The simplest method of non-viral transfection uses naked DNA and this was first demonstrated in vivo when Wolff et al. (1990) injected protein expression vectors directly into murine models, although the effects of this were fairly long lasting they were only very local. There are a number of other non-viral methods of delivering naked DNA each of which has advantages and disadvantages (Table 3).
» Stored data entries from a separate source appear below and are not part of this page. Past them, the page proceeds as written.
lemma meet_proj_eq_op_prod:
  fixes p :: "'t \<Rightarrow> 'b \<Rightarrow> 'h::{complex_inner, complete_space} \<Rightarrow> 'h"
  assumes proj: "\<And>s b. s \<in> S \<Longrightarrow> b \<in> \<Gamma> s \<Longrightarrow> is_projection (p s b)"
    and js: "\<And>j. j \<in> set js \<Longrightarrow> t j \<in> S \<and> a j \<in> \<Gamma> (t j)"
    and \<phi>: "\<phi> \<in> H_pi (pi_family S \<Gamma> p)"
  shows "meet_proj p t a (set js) \<phi> = op_prod (map (\<lambda>j. p (t j) (a j)) js) \<phi>"
  using orthoproj_INT_range_eq_op_prod[OF is_projection_pi_family[OF proj] \<phi>
      set_map_subset_pi_family[where p = p and t = t and a = a, OF js]]
  by (simp add: meet_proj_def image_image)

lemma meet_proj_image_H_pi:
  fixes p :: "'t \<Rightarrow> 'b \<Rightarrow> 'h::{complex_inner, complete_space} \<Rightarrow> 'h"
  assumes proj: "\<And>s b. s \<in> S \<Longrightarrow> b \<in> \<Gamma> s \<Longrightarrow> is_projection (p s b)"
    and js: "\<And>j. j \<in> set js \<Longrightarrow> t j \<in> S \<and> a j \<in> \<Gamma> (t j)"
  shows "meet_proj p t a (set js) ` H_pi (pi_family S \<Gamma> p) \<subseteq> H_pi (pi_family S \<Gamma> p)"
proof clarify
  fix \<phi> assume \<phi>: "\<phi> \<in> H_pi (pi_family S \<Gamma> p)"
  have "meet_proj p t a (set js) \<phi> = op_prod (map (\<lambda>j. p (t j) (a j)) js) \<phi>"
    using proj js \<phi> by (rule meet_proj_eq_op_prod)
  also have "\<dots> \<in> H_pi (pi_family S \<Gamma> p)"
    using \<phi> set_map_subset_pi_family[where p = p and t = t and a = a, OF js] by (rule H_pi_op_prod)
  finally show "meet_proj p t a (set js) \<phi> \<in> H_pi (pi_family S \<Gamma> p)" .
qed

lemma meet_proj_has_sum:
  fixes p :: "'t \<Rightarrow> 'b \<Rightarrow> 'h::{complex_inner, complete_space} \<Rightarrow> 'h"
  assumes proj: "\<And>s b. s \<in> S \<Longrightarrow> b \<in> \<Gamma> s \<Longrightarrow> is_projection (p s b)"
    and resolution: "\<And>s x. s \<in> S \<Longrightarrow> ((\<lambda>b. p s b x) has_sum x) (\<Gamma> s)"
    and "finite I" "i \<in> I" and ta: "\<And>j. j \<in> I \<Longrightarrow> t j \<in> S \<and> a j \<in> \<Gamma> (t j)"
    and \<phi>: "\<phi> \<in> H_pi (pi_family S \<Gamma> p)"
  shows "((\<lambda>b. meet_proj p t (a(i := b)) I \<phi>) has_sum meet_proj p t a (I - {i}) \<phi>) (\<Gamma> (t i))"
proof -
  obtain js where js: "set js = I - {i}" using finite_list[of "I - {i}"] \<open>finite I\<close> by auto
  have ta_js: "t j \<in> S \<and> a j \<in> \<Gamma> (t j)" if "j \<in> set js" for j using ta js that by auto
  define G where "G = op_prod (map (\<lambda>j. p (t j) (a j)) js)"
  have "bounded_linear G"
    unfolding G_def
  proof (rule bounded_linear_op_prod)
    fix W assume "W \<in> set (map (\<lambda>j. p (t j) (a j)) js)"
    then obtain j where "j \<in> set js" "W = p (t j) (a j)" by auto
    with ta_js show "bounded_linear W" by (auto intro: is_projectionD(1)[OF proj])
  qed
  moreover have "t i \<in> S" using ta \<open>i \<in> I\<close> by blast
  ultimately have G_resolution: "((\<lambda>b. G (p (t i) b \<phi>)) has_sum G \<phi>) (\<Gamma> (t i))"
    by (rule has_sum_bounded_linear[OF _ resolution])
  have G_\<phi>: "meet_proj p t a (I - {i}) \<phi> = G \<phi>"
    unfolding G_def js[symmetric] by (rule meet_proj_eq_op_prod[OF proj ta_js \<phi>])
  have summand: "meet_proj p t (a(i := b)) I \<phi> = G (p (t i) b \<phi>)" if "b \<in> \<Gamma> (t i)" for b
  proof -
    have I: "I = set (js @ [i])" using js \<open>i \<in> I\<close> by auto
    have "meet_proj p t (a(i := b)) I \<phi>
        = op_prod (map (\<lambda>j. p (t j) ((a(i := b)) j)) (js @ [i])) \<phi>"
      unfolding I
      by (rule meet_proj_eq_op_prod[OF proj _ \<phi>]) (use ta_js ta[OF \<open>i \<in> I\<close>] that in auto)
    also have "\<dots> = op_prod (map (\<lambda>j. p (t j) ((a(i := b)) j)) js) (p (t i) b \<phi>)"
      by (simp add: op_prod_append)
    also have "map (\<lambda>j. p (t j) ((a(i := b)) j)) js = map (\<lambda>j. p (t j) (a j)) js"
      using js by auto
    finally show ?thesis unfolding G_def .
  qed
  have "((\<lambda>b. meet_proj p t (a(i := b)) I \<phi>) has_sum G \<phi>) (\<Gamma> (t i))
      \<longleftrightarrow> ((\<lambda>b. G (p (t i) b \<phi>)) has_sum G \<phi>) (\<Gamma> (t i))"
    by (rule has_sum_cong) (rule summand)
  with G_resolution show ?thesis unfolding G_\<phi> by simp
qed
text \<open>Otherwise there are minimal non-members of strictly increasing size; one embeds into a
  later one, hence into a proper induced subgraph of it, which lies in C.\<close>
lemma minimal_non_member_card_bounded:
  assumes C: "hereditary C" and af: "almost_full_on induced_embeds {H. minimal_non_member C H}"
  shows "\<exists>B. \<forall>H. minimal_non_member C H \<longrightarrow> card (verts H) \<le> B"
proof (rule ccontr)
  let ?sizes = "(\<lambda>H. card (verts H)) ` {H. minimal_non_member C H}"
  assume "\<not> ?thesis"
  then have "infinite ?sizes" by (auto simp: finite_nat_set_iff_bounded_le)
  define H where "H k = (SOME H. minimal_non_member C H \<and> card (verts H) = enumerate ?sizes k)"
    for k
  have H: "minimal_non_member C (H k) \<and> card (verts (H k)) = enumerate ?sizes k" for k
  proof -
    obtain G where "minimal_non_member C G" "card (verts G) = enumerate ?sizes k"
      using enumerate_in_set[OF \<open>infinite ?sizes\<close>, of k] by auto
    then show ?thesis unfolding H_def by (rule someI[where P = "\<lambda>H. _ H \<and> _ H", OF conjI])
  qed
  obtain i j h where ij: "i < j" and h: "induced_emb h (H i) (H j)"
    using almost_full_onD[OF af, of H] H by (auto elim: goodE)
  have "card (h ` verts (H i)) < card (verts (H j))"
    using h H[of i] H[of j] enumerate_mono[OF ij \<open>infinite ?sizes\<close>]
    unfolding induced_emb_def by (simp add: card_image)
  then have "h ` verts (H i) \<subset> verts (H j)" using h unfolding induced_emb_def by auto
  then have "induce (H j) (h ` verts (H i)) \<in> C" using H[of j] unfolding minimal_non_member_def
    by blast
  then have "H i \<in> C"
    using hereditary_isoD[OF C _ _ graph_iso_induce_image[OF h]] H[of i]
    unfolding minimal_non_member_def by blast
  then show False using H[of i] unfolding minimal_non_member_def by blast
qed

section \<open>First-order definability\<close>

definition fo_true :: fo where
  "fo_true = FNot (FEx 0 (FNot (FEq 0 0)))"

definition fo_conj :: "fo list \<Rightarrow> fo" where
  "fo_conj \<phi>s = foldr FAnd \<phi>s fo_true"

lemma sat_fo_conj: "sat G \<rho> (fo_conj \<phi>s) \<longleftrightarrow> (\<forall>\<phi>\<in>set \<phi>s. sat G \<rho> \<phi>)"
  by (induction \<phi>s) (simp_all add: fo_conj_def fo_true_def)

lemma fv_fo_conj: "fv (fo_conj \<phi>s) = (\<Union>\<phi>\<in>set \<phi>s. fv \<phi>)"
  by (induction \<phi>s) (simp_all add: fo_conj_def fo_true_def)

lemma fv_foldr_FEx: "fv (foldr FEx xs \<phi>) = fv \<phi> - set xs"
  by (induction xs) auto

lemma sat_foldr_FEx:
  "sat G \<rho> (foldr FEx xs \<phi>) \<longleftrightarrow>
     (\<exists>\<sigma>. (\<forall>x\<in>set xs. \<sigma> x \<in> verts G) \<and> (\<forall>x. x \<notin> set xs \<longrightarrow> \<sigma> x = \<rho> x) \<and> sat G \<sigma> \<phi>)"
proof (induction xs arbitrary: \<rho>)
  case Nil
  have "(\<forall>x. \<sigma> x = \<rho> x) \<longleftrightarrow> \<sigma> = \<rho>" for \<sigma> :: "nat \<Rightarrow> 'a" by auto
  then show ?case by simp
next
  case (Cons x xs)
  show ?case
  proof
    assume "sat G \<rho> (foldr FEx (x # xs) \<phi>)"
    then obtain a \<sigma> where a: "a \<in> verts G" and \<sigma>: "\<forall>y\<in>set xs. \<sigma> y \<in> verts G"
      "\<forall>y. y \<notin> set xs \<longrightarrow> \<sigma> y = (\<rho>(x := a)) y" "sat G \<sigma> \<phi>"
      using Cons.IH by auto
    have "\<sigma> x \<in> verts G" using a \<sigma>(1,2) by (cases "x \<in> set xs") auto
    with \<sigma> show "\<exists>\<sigma>. (\<forall>y\<in>set (x # xs). \<sigma> y \<in> verts G) \<and> (\<forall>y. y \<notin> set (x # xs) \<longrightarrow> \<sigma> y = \<rho> y) \<and>
        sat G \<sigma> \<phi>"
      by (intro exI[of _ \<sigma>]) auto
  next
    assume "\<exists>\<sigma>. (\<forall>y\<in>set (x # xs). \<sigma> y \<in> verts G) \<and> (\<forall>y. y \<notin> set (x # xs) \<longrightarrow> \<sigma> y = \<rho> y) \<and>
        sat G \<sigma> \<phi>"
    then obtain \<sigma> where \<sigma>: "\<forall>y\<in>set (x # xs). \<sigma> y \<in> verts G"
      "\<forall>y. y \<notin> set (x # xs) \<longrightarrow> \<sigma> y = \<rho> y" "sat G \<sigma> \<phi>" by blast
    then have "\<forall>y. y \<notin> set xs \<longrightarrow> \<sigma> y = (\<rho>(x := \<sigma> x)) y" by auto
    then have "sat G (\<rho>(x := \<sigma> x)) (foldr FEx xs \<phi>)"
      unfolding Cons.IH using \<sigma> by (intro exI[of _ \<sigma>]) simp
    moreover have "\<sigma> x \<in> verts G" using \<sigma> by simp
    ultimately show "sat G \<rho> (foldr FEx (x # xs) \<phi>)" by auto
  qed
qed
lemma linear_polar_left: "Vector_Spaces.linear scale (*) (\<lambda>x. polar n x z)"
  and linear_polar_right: "Vector_Spaces.linear scale (*) (polar n z)"
  using quadratic_form unfolding quadratic_form_def by simp_all

lemma polar_add_left: "polar n (x + y) z = polar n x z + polar n y z"
  and polar_diff_left: "polar n (x - y) z = polar n x z - polar n y z"
  and polar_scale_left: "polar n (scale c x) z = c * polar n x z"
  by (fact linear_polar_left[unfolded linear_iff_module_hom, THEN module_hom.add]
      linear_polar_left[unfolded linear_iff_module_hom, THEN module_hom.diff]
      linear_polar_left[unfolded linear_iff_module_hom, THEN module_hom.scale])+

lemma polar_add_right: "polar n z (x + y) = polar n z x + polar n z y"
  and polar_diff_right: "polar n z (x - y) = polar n z x - polar n z y"
  and polar_scale_right: "polar n z (scale c x) = c * polar n z x"
  by (fact linear_polar_right[unfolded linear_iff_module_hom, THEN module_hom.add]
      linear_polar_right[unfolded linear_iff_module_hom, THEN module_hom.diff]
      linear_polar_right[unfolded linear_iff_module_hom, THEN module_hom.scale])+

lemma polar_zero_left: "polar n 0 z = 0"
  using polar_scale_left[of 0 0 z] by simp

lemma polar_commute: "polar n x y = polar n y x"
  unfolding polar_def by (simp add: add.commute)

lemma quad_scale: "n (scale a x) = a\<^sup>2 * n x"
  using quadratic_form unfolding quadratic_form_def by blast

lemma quad_add: "n (x + y) = n x + n y + polar n x y"
  unfolding polar_def by simp

lemma quad_minus: "n (- x) = n x"
  using quad_scale[of "-1" x] by simp

lemma polar_self: "polar n x x = 2 * n x"
proof -
  have "n (x + x) = 2\<^sup>2 * n x"
    using quad_scale[of 2 x] by (simp add: scale_left_distrib[of 1 1, simplified])
  then show ?thesis
    unfolding polar_def by (simp add: power2_eq_square algebra_simps)
qed

end

locale composition = vector_space scale for scale :: "'k::field \<Rightarrow> 'v::ab_group_add \<Rightarrow> 'v" +
  fixes mult :: "'v \<Rightarrow> 'v \<Rightarrow> 'v" and n :: "'v \<Rightarrow> 'k"
  assumes composition_algebra: "composition_algebra scale mult n"
begin

sublocale quadratic_space scale n
  using composition_algebra unfolding composition_algebra_def by unfold_locales simp

lemma nondegenerate: "nondegenerate n"
  and quad_mult: "n (mult x y) = n x * n y"
  and linear_mult_left: "Vector_Spaces.linear scale scale (mult x)"
  and linear_mult_right: "Vector_Spaces.linear scale scale (\<lambda>y. mult y x)"
  using composition_algebra unfolding composition_algebra_def bilinear_mult_def by simp_all

lemma mult_add_left: "mult (x + y) z = mult x z + mult y z"
  and mult_diff_left: "mult (x - y) z = mult x z - mult y z"
  and mult_scale_left: "mult (scale c x) z = scale c (mult x z)"
  by (fact linear_mult_right[unfolded linear_iff_module_hom, THEN module_hom.add]
      linear_mult_right[unfolded linear_iff_module_hom, THEN module_hom.diff]
      linear_mult_right[unfolded linear_iff_module_hom, THEN module_hom.scale])+

lemma mult_add_right: "mult z (x + y) = mult z x + mult z y"
  and mult_diff_right: "mult z (x - y) = mult z x - mult z y"
  and mult_scale_right: "mult z (scale c x) = scale c (mult z x)"
  by (fact linear_mult_left[unfolded linear_iff_module_hom, THEN module_hom.add]
      linear_mult_left[unfolded linear_iff_module_hom, THEN module_hom.diff]
      linear_mult_left[unfolded linear_iff_module_hom, THEN module_hom.scale])+

lemma polar_mult_same_left: "polar n (mult x y) (mult x z) = n x * polar n y z"
proof -
  have "n (mult x (y + z)) = n x * n (y + z)"
    by (rule quad_mult)
  then show ?thesis
    by (simp add: mult_add_right quad_add quad_mult algebra_simps)
qed

lemma polar_mult_same_right: "polar n (mult x y) (mult w y) = polar n x w * n y"
proof -
  have "n (mult (x + w) y) = n (x + w) * n y"
    by (rule quad_mult)
  then show ?thesis
    by (simp add: mult_add_left quad_add quad_mult polar_commute algebra_simps)
qed

lemma polar_mult_linearized:
  "polar n (mult x y) (mult w z) + polar n (mult x z) (mult w y) = polar n x w * polar n y z"
proof -
  have "polar n (mult x (y + z)) (mult w (y + z)) = polar n x w * n (y + z)"
    by (rule polar_mult_same_right)
  then show ?thesis
    by (simp add: mult_add_right polar_add_left polar_add_right quad_add polar_mult_same_right
        algebra_simps)
qed

lemma inj_mult_left:
  assumes "n a \<noteq> 0"
  shows "inj (mult a)"
proof (rule injI)
  fix x y
  assume "mult a x = mult a y"
  then have "n a * polar n (x - y) z = 0" for z
    using polar_mult_same_left[of a "x - y" z] by (simp add: mult_diff_right polar_zero_left)
  then have "polar n (x - y) z = 0" for z
    using assms by simp
  then show "x = y"
    using nondegenerate unfolding nondegenerate_def by (metis eq_iff_diff_eq_0)
qed

lemma inj_mult_right:
  assumes "n a \<noteq> 0"
  shows "inj (\<lambda>x. mult x a)"
proof (rule injI)
  fix x y
  assume "mult x a = mult y a"
  then have "polar n (x - y) z * n a = 0" for z
    using polar_mult_same_right[of "x - y" a z] by (simp add: mult_diff_left polar_zero_left)
  then have "polar n (x - y) z = 0" for z
    using assms by simp
  then show "x = y"
    using nondegenerate unfolding nondegenerate_def by (metis eq_iff_diff_eq_0)
qed

lemma bij_mult_left: "fin_dim scale \<Longrightarrow> n a \<noteq> 0 \<Longrightarrow> bij (mult a)"
  and bij_mult_right: "fin_dim scale \<Longrightarrow> n a \<noteq> 0 \<Longrightarrow> bij (\<lambda>x. mult x a)"
  by (simp_all add: bij_def inj_mult_left inj_mult_right fin_dim_linear_inj_imp_surj
      linear_mult_left linear_mult_right)

lemma mult_left_orthogonal: "fin_dim scale \<Longrightarrow> n a = 1 \<Longrightarrow> mult a \<in> orthogonal_group scale n"
  and mult_right_orthogonal: "fin_dim scale \<Longrightarrow> n a = 1 \<Longrightarrow> (\<lambda>x. mult x a) \<in> orthogonal_group scale n"
  by (simp_all add: orthogonal_group_def bij_mult_left bij_mult_right linear_mult_left
      linear_mult_right quad_mult)

lemma unital_isotope:
  assumes "fin_dim scale" and "(x::'v) \<noteq> 0"
  obtains f g e where "f \<in> orthogonal_group scale n" and "g \<in> orthogonal_group scale n"
    and "\<And>y. isotope mult f g e y = y" and "\<And>y. isotope mult f g y e = y" and "n e = 1"
proof -
  obtain b where "n b \<noteq> 0"
    using nondegenerate_exists_anisotropic[OF nondegenerate assms(2)] by blast
  then obtain a where "mult a b = b"
    using bij_mult_right[OF assms(1)] by (metis bij_pointE)
  then have "n a = 1"
    using quad_mult[of a b] \<open>n b \<noteq> 0\<close> by simp
  define L R where "L = mult a" and "R = (\<lambda>x. mult x a)"
  have "L \<in> orthogonal_group scale n" "R \<in> orthogonal_group scale n"
    unfolding L_def R_def using assms(1) \<open>n a = 1\<close> mult_left_orthogonal mult_right_orthogonal
    by blast+
  then have "bij L" "bij R"
    unfolding orthogonal_group_def by simp_all
  then have "R (inv R y) = y" "L (inv L y) = y" "inv R (R a) = a" "inv L (L a) = a" for y
    by (simp_all add: bij_is_surj surj_f_inv_f bij_is_inj)
  then show ?thesis
  proof (intro that[of "inv R" "inv L" "mult a a"])
    show "inv R \<in> orthogonal_group scale n" "inv L \<in> orthogonal_group scale n"
      by (simp_all add: orthogonal_group_inv \<open>L \<in> _\<close> \<open>R \<in> _\<close>)
  qed (simp_all add: isotope_def quad_mult \<open>n a = 1\<close> L_def R_def)
qed

end

subsection \<open>Hurwitz algebras and their para-Hurwitz products\<close>

locale hurwitz = composition scale mult n
  for scale :: "'k::field \<Rightarrow> 'v::ab_group_add \<Rightarrow> 'v" and mult n +
  fixes e :: 'v
  assumes mult_unit_left: "mult e x = x" and mult_unit_right: "mult x e = x" and quad_unit: "n e = 1"
begin

definition conjugate :: "'v \<Rightarrow> 'v" where
  "conjugate x = scale (polar n x e) e - x"

lemma polar_unit_unit: "polar n e e = 2"
  using polar_self quad_unit by simp

lemma polar_conjugate_unit: "polar n (conjugate x) e = polar n x e"
  unfolding conjugate_def by (simp add: polar_diff_left polar_scale_left polar_unit_unit)

lemma conjugate_conjugate: "conjugate (conjugate x) = x"
  unfolding conjugate_def[of "conjugate x"] polar_conjugate_unit by (simp add: conjugate_def)

lemma quad_conjugate: "n (conjugate x) = n x"
proof -
  let ?t = "polar n x e"
  have "n (conjugate x) = n (scale ?t e) + n (- x) + polar n (scale ?t e) (- x)"
    unfolding conjugate_def by (metis diff_conv_add_uminus quad_add)
  also have "polar n (scale ?t e) (- x) = - ?t * ?t"
    using polar_diff_right[of "scale ?t e" 0 x] by (simp add: polar_scale_left polar_zero_left
        polar_commute[of e x] flip: polar_commute[of 0])
  finally show ?thesis
    by (simp add: quad_scale quad_unit quad_minus power2_eq_square)
qed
Another promising non-viral route involves biochemical vectors. Like other non-viral routes these have low toxicity and low immunogenicity (Al-Dosari & Gao, 2009). The plasmid DNA is packaged in cationic lipids (often cholesterol) which bond well with anionic DNA and also interact with the cell membrane allowing the whole complex access to the cytoplasm where the lipids are absorbed and the plasmid released (Niidome & Huang, 2002). A similar system exists using biocompatible, biodegradable polymers these can be administered intravenously or into airways by aerosol and are used to treat cancer and cystic fibrosis (Al-Dosari & Gao, 2009).

Table 3. Summary of most common direct methods of integrating naked DNA directly into host cells. Data from (Niidome and Huang, 2002; Al-Dosari and Gao, 2009; Lam and Dean, 2010).

Table 3

The Future of Gene Therapy

The future must involve fewer viral vectors and increased use of direct insertion of naked DNA, or where that is not feasible, the use of biochemical vectors. Nano particles also offer potential as future vectors. Transfection rates will increase as specificity and cell targeting improves. However mutation of diseases, such as cancer and HIV, is likely to mean that the arms race between clinicians and diseases will continue unabated.


Acknowledgements

Thanks to Enrico Ferrari for guidance and comments on an earlier version of this work.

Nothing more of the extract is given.